#### Problem to work on:
Work out how many lines in the data hold the string "close". Reply with only that number.

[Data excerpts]

──────────────────────────────

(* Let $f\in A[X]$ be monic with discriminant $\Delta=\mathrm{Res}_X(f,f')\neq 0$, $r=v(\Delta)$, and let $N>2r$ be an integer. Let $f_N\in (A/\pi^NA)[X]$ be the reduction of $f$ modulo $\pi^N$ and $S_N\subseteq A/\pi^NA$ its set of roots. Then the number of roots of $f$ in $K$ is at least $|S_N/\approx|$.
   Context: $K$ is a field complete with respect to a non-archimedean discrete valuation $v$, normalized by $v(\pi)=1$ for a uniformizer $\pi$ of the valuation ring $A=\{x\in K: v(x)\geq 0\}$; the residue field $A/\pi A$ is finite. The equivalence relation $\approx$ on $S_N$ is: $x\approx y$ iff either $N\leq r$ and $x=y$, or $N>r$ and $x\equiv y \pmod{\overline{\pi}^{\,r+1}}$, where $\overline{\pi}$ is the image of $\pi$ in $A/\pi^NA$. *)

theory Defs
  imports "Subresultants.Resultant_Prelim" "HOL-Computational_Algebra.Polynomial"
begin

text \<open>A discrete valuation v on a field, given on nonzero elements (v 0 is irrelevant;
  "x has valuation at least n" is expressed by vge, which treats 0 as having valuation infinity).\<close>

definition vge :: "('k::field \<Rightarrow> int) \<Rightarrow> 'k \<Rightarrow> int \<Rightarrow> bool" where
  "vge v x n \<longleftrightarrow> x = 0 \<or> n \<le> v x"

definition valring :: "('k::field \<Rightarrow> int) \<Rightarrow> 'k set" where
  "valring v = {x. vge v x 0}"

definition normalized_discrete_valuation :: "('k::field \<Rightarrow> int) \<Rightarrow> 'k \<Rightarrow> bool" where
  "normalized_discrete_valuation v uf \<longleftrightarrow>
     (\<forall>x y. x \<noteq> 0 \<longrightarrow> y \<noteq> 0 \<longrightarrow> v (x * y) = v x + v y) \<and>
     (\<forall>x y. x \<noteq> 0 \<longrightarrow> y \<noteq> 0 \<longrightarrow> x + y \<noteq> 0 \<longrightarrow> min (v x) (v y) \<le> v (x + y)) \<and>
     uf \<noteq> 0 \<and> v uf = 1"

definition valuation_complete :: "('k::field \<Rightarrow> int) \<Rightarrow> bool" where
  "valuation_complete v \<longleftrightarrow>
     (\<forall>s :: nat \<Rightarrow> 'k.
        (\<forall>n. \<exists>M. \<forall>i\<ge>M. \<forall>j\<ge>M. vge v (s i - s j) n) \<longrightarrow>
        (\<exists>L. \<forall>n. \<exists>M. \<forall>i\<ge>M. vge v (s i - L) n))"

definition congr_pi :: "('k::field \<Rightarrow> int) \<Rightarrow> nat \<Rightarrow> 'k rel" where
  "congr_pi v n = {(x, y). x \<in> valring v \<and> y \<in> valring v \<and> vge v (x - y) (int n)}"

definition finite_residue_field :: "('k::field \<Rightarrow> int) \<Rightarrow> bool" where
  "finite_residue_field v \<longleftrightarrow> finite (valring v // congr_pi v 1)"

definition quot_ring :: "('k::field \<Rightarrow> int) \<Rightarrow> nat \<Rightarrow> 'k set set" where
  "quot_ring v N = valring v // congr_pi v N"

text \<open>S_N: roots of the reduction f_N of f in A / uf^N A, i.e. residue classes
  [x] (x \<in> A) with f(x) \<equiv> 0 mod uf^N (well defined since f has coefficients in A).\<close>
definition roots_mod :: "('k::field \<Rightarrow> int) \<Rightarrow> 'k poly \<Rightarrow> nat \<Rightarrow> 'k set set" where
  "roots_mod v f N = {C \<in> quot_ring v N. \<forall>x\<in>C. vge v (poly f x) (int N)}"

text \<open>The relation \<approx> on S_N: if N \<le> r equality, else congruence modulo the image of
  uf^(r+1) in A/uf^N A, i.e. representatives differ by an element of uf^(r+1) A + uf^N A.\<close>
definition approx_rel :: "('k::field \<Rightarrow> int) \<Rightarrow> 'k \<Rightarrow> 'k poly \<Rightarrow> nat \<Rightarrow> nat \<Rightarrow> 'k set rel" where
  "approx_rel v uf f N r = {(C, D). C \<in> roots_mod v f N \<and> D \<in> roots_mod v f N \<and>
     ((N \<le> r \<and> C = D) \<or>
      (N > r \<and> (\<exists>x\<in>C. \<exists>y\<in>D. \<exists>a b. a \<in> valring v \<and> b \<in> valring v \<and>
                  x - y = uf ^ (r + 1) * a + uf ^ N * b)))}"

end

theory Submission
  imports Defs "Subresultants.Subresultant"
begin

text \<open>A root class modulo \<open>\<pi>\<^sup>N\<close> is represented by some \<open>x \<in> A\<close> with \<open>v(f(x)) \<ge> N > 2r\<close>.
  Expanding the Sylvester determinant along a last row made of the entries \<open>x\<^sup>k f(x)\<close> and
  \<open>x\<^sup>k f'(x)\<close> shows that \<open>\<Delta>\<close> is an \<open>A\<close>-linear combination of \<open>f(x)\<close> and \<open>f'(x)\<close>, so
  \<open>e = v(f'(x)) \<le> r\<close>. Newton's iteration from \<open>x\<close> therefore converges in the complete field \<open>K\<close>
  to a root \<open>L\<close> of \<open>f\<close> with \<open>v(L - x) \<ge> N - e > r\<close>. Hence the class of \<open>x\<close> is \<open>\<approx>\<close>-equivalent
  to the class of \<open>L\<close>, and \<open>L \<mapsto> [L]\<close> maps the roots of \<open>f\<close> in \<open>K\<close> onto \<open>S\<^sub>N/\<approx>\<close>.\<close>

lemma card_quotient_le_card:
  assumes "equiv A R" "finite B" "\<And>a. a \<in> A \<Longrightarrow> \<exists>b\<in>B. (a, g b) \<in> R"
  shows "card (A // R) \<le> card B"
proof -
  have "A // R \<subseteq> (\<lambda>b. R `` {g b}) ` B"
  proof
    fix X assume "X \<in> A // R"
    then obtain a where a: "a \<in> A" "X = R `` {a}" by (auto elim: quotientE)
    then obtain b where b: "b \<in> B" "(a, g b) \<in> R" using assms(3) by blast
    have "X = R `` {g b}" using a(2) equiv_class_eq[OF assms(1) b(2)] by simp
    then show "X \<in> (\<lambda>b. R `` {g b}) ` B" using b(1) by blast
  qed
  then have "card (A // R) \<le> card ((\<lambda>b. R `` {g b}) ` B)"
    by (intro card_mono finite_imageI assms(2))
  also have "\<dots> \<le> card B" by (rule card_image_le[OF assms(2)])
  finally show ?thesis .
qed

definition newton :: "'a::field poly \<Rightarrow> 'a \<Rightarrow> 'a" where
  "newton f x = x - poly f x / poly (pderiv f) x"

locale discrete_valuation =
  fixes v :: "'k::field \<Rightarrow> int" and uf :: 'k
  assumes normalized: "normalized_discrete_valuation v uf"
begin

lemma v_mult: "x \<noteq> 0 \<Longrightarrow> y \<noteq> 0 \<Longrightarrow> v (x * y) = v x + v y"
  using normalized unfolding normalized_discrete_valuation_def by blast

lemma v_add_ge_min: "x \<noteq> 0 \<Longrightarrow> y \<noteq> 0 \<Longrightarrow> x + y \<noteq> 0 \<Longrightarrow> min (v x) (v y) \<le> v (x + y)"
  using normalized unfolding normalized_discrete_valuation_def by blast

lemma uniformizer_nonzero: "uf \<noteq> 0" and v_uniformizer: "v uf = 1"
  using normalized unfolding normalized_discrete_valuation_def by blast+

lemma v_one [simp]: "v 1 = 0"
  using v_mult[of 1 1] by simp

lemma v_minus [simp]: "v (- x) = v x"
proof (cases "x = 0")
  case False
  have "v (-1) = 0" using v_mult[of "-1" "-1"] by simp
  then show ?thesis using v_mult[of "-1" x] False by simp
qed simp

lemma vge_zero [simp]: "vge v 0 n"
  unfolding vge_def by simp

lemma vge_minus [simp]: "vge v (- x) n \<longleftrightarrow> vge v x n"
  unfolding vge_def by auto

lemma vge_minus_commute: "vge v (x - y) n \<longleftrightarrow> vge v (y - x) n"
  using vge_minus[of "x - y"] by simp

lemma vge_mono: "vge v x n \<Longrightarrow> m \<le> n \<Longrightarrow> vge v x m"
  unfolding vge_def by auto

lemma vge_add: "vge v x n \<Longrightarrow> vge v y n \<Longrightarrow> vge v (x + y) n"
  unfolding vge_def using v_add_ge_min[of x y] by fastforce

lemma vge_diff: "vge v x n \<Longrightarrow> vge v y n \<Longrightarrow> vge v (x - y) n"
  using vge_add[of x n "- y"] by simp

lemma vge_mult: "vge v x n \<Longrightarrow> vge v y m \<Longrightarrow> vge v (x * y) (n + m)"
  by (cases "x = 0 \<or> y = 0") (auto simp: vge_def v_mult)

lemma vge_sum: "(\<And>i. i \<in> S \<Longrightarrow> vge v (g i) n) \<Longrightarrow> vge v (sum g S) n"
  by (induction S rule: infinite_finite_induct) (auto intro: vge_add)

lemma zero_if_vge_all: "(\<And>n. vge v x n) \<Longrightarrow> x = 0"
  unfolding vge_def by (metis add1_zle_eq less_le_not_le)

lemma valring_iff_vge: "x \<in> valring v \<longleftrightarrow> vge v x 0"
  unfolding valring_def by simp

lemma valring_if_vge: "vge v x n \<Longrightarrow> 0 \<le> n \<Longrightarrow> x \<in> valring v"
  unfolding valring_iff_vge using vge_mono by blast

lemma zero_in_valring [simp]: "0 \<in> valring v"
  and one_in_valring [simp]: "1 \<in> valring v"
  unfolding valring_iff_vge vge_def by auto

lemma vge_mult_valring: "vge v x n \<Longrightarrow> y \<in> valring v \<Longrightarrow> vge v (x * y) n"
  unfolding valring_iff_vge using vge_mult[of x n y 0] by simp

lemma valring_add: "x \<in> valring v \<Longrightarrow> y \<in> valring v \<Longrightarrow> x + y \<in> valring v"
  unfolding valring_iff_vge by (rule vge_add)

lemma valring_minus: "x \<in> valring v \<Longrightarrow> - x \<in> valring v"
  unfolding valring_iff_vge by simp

──────────────────────────────

#### Your solution:
9